## **Creating SQL Queries from Natural Language**

This tutorial will guide you through creating an application that generates SQL queries from natural language instructions and evaluates the quality of the generated queries. Along the way, you'll learn how to use Orq's deployment feature to enhance SQL generation. By the end of this tutorial, you'll be ready to experiment with SQL generation in your own projects.

Before starting, ensure you have an Orq account. If not, sign up at Orq.ai. Let's dive in!

Additionally, to simplify the process, we’ve prepared this [Google Colab](https://colab.research.google.com/drive/1OYST2gldxBXbAN10wRTfnTeExCjWrF9i#scrollTo=EJ5-MLEjmpg9) file that you can copy and run immediately after replacing your API key. This file provides a ready-to-use environment with all the required configurations set up, allowing you to focus on experimenting with SQL generation without worrying about initial setup. Let's dive in!

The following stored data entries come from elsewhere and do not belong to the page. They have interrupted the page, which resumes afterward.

(* Let $ABC$ be a triangle and let $X, Y$ be points which are conjugate with respect to the circumcircle $\odot(ABC)$. Let $X', Y'$ be the isogonal conjugates of $X, Y$ with respect to $ABC$. Then the line $X'Y'$ passes through the center of the circumconic through $A, B, C, X', Y'$.
   Context: Two points $U, V$ are conjugate with respect to a conic $\mathcal{C}$ if the polar of $U$ with respect to $\mathcal{C}$ passes through $V$ (equivalently, the polar of $V$ passes through $U$). *)

theory Defs
  imports "HOL-Analysis.Analysis"
begin

text \<open>Points of the Euclidean plane are represented as complex numbers.\<close>

definition line :: "complex \<Rightarrow> complex \<Rightarrow> complex set" where
  "line P Q = {P + of_real t * (Q - P) | t. True}"

definition circumcircle :: "complex \<Rightarrow> complex \<Rightarrow> complex \<Rightarrow> complex \<Rightarrow> real \<Rightarrow> bool" where
  "circumcircle A B C Oc r \<longleftrightarrow> r > 0 \<and> dist Oc A = r \<and> dist Oc B = r \<and> dist Oc C = r"

definition polar_circle :: "complex \<Rightarrow> real \<Rightarrow> complex \<Rightarrow> complex set" where
  "polar_circle Oc r U = {V. (U - Oc) \<bullet> (V - Oc) = r\<^sup>2}"

definition conjugate_wrt_circle :: "complex \<Rightarrow> real \<Rightarrow> complex \<Rightarrow> complex \<Rightarrow> bool" where
  "conjugate_wrt_circle Oc r U V \<longleftrightarrow> V \<in> polar_circle Oc r U"

definition reflect_across :: "complex \<Rightarrow> complex \<Rightarrow> complex \<Rightarrow> complex" where
  "reflect_across A u z = A + (u / cnj u) * cnj (z - A)"

definition bisector_dir :: "complex \<Rightarrow> complex \<Rightarrow> complex \<Rightarrow> complex" where
  "bisector_dir A B C = (B - A) / of_real (cmod (B - A)) + (C - A) / of_real (cmod (C - A))"

definition isogonal_line :: "complex \<Rightarrow> complex \<Rightarrow> complex \<Rightarrow> complex \<Rightarrow> complex set" where
  "isogonal_line A B C P = reflect_across A (bisector_dir A B C) ` line A P"

definition isogonal_conjugate_of :: "complex \<Rightarrow> complex \<Rightarrow> complex \<Rightarrow> complex \<Rightarrow> complex \<Rightarrow> bool" where
  "isogonal_conjugate_of A B C P P' \<longleftrightarrow>
     P' \<in> isogonal_line A B C P \<inter> isogonal_line B C A P \<inter> isogonal_line C A B P"

definition conic_val :: "real \<Rightarrow> real \<Rightarrow> real \<Rightarrow> real \<Rightarrow> real \<Rightarrow> real \<Rightarrow> complex \<Rightarrow> real" where
  "conic_val a b c d e f z =
     a * (Re z)\<^sup>2 + b * Re z * Im z + c * (Im z)\<^sup>2 + d * Re z + e * Im z + f"

text \<open>Nondegenerate: the symmetric matrix [[2a,b,d],[b,2c,e],[d,e,2f]] is invertible.\<close>
definition conic_nondegenerate :: "real \<Rightarrow> real \<Rightarrow> real \<Rightarrow> real \<Rightarrow> real \<Rightarrow> real \<Rightarrow> bool" where
  "conic_nondegenerate a b c d e f \<longleftrightarrow>
     2 * a*(4*c * f - e * e) - b*(2 * b * f - e * d) + d*(b * e - 2 * c * d) \<noteq> 0"

text \<open>Centre of the conic, in homogeneous coordinates (p:q:s): the pole of the line at
  infinity, i.e. M (p,q,s)^T is a multiple of (0,0,1). For a central conic this is the
  affine point (p/s, q/s) where the gradient vanishes (the centre of symmetry).\<close>
definition conic_center :: "real \<Rightarrow> real \<Rightarrow> real \<Rightarrow> real \<Rightarrow> real \<Rightarrow> real \<Rightarrow> real \<Rightarrow> real \<Rightarrow> real \<Rightarrow> bool" where
  "conic_center a b c d e f p q s \<longleftrightarrow>
     (p, q, s) \<noteq> (0, 0, 0) \<and> 2 * a * p + b * q + d * s = 0 \<and> b * p + 2 * c * q + e * s = 0"

text \<open>The homogeneous point (p:q:s) lies on the line PQ: det [[P,1],[Q,1],[p,q,s]] = 0.\<close>
definition on_line_hom :: "complex \<Rightarrow> complex \<Rightarrow> real \<Rightarrow> real \<Rightarrow> real \<Rightarrow> bool" where
  "on_line_hom P Q p q s \<longleftrightarrow>
     Re P * (Im Q * s - q) - Im P * (Re Q * s - p) + (Re Q * q - Im Q * p) = 0"

end

theory Submission
  imports Defs
begin

text \<open>
  Work in barycentric coordinates (u : v : w) with respect to ABC and write a = BC, b = CA,
  c = AB. If (u' : v' : w') lies on the reflection in the bisector at A of the cevian through
  (u : v : w), then b^2 w w' = c^2 v v'; so the isogonal conjugate of (x : y : z) is
  (a^2/x : b^2/y : c^2/z). Conjugacy of X and Y with respect to the circumcircle
  a^2 v w + b^2 w u + c^2 u v = 0 is the vanishing of its polar form, which in the
  coordinates (u_i : v_i : w_i) of X' and Y' becomes
  R = u1 u2 (v1 w2 + w1 v2) + v1 v2 (w1 u2 + u1 w2) + w1 w2 (u1 v2 + v1 u2) = 0.
  A conic through A, B, C has an equation f v w + g w u + h u v = 0; passing through X' and Y'
  forces (f : g : h) to be the cross product of (v_i w_i, w_i u_i, u_i v_i), i = 1, 2. For this
  conic the condition that the tangents at X' and Y' meet on the line at infinity is a
  polynomial that factors as R times a cubic. So these tangents are parallel, and parallel
  tangents at two points of a central conic make X'Y' a diameter.
\<close>

lemma Im_cnj_mult_eq_zero_imp_collinear:
  assumes "Im (cnj (B - A) * (C - A)) = 0"
  shows "collinear {A, B, C}"
proof -
  define b c where "b = B - A" and "c = C - A"
  have real: "cnj b * c = of_real (Re (cnj b * c))"
    using assms by (simp add: complex_eq_iff b_def c_def)
  have "collinear {0, b, c}"
  proof (cases "b = 0")
    case True
    then show ?thesis by (simp add: collinear_2)
  next
    case False
    have "c = (cnj b * c) / (b * cnj b) * b"
      using False by (simp add: field_simps)
    also have "\<dots> = (Re (cnj b * c) / (cmod b)\<^sup>2) *\<^sub>R b"
      by (subst real) (simp add: scaleR_conv_of_real flip: complex_norm_square)
    finally show ?thesis
      unfolding collinear_lemma by blast
  qed
  then have "collinear {B, A, C}"
    using collinear_3[of B A C] by (simp add: b_def c_def)
  then show ?thesis by (simp add: insert_commute)
qed

lemma affine_hull_noncollinear_complex:
  fixes A B C :: complex
  assumes "\<not> collinear {A, B, C}"
  shows "affine hull {A, B, C} = UNIV"
proof -
  have "aff_dim {A, B, C} \<le> DIM(complex)" by (rule aff_dim_le_DIM)
  with assms have "aff_dim {A, B, C} = DIM(complex)" by (simp add: collinear_aff_dim)
  then show ?thesis by (metis aff_dim_eq_full)
qed

lemma bary_coords_exist:
  fixes A B C P :: complex
  assumes "\<not> collinear {A, B, C}"
  obtains u v w where "u + v + w = 1" and "P = u *\<^sub>R A + v *\<^sub>R B + w *\<^sub>R C"
  using affine_hull_noncollinear_complex[OF assms] affine_hull_3[of A B C] by blast

lemma bary_minus_vertex:
  fixes A B C :: "'a::real_vector"
  assumes "u + v + w = 1"
  shows "u *\<^sub>R A + v *\<^sub>R B + w *\<^sub>R C - A = v *\<^sub>R (B - A) + w *\<^sub>R (C - A)"
proof -
  have u: "u = 1 - v - w" using assms by simp
  show ?thesis unfolding u by (simp add: algebra_simps)
qed

lemma bary_in_line:
  fixes A B C :: complex
  assumes "u + v + w = 1" and "w = 0"
  shows "u *\<^sub>R A + v *\<^sub>R B + w *\<^sub>R C \<in> line A B"
proof -
  have "u *\<^sub>R A + v *\<^sub>R B + w *\<^sub>R C = A + (u *\<^sub>R A + v *\<^sub>R B + w *\<^sub>R C - A)"
    by simp
  also have "\<dots> = A + of_real v * (B - A)"
    unfolding bary_minus_vertex[OF assms(1)] using assms(2) by (simp add: scaleR_conv_of_real)
  finally show ?thesis unfolding line_def by blast
qed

**Step 1: Setting Up the Environment**  
The following commands install the required libraries for working with the Orq platform, handling datasets, and managing the SQL generation workflow. Feel free to reuse and adapt this code for your projects.

## Import packages

In [None]:
pip install orq-ai-sdk datasets huggingface_hub

Collecting orq-ai-sdk
  Downloading orq_ai_sdk-2.13.4.tar.gz (17 kB)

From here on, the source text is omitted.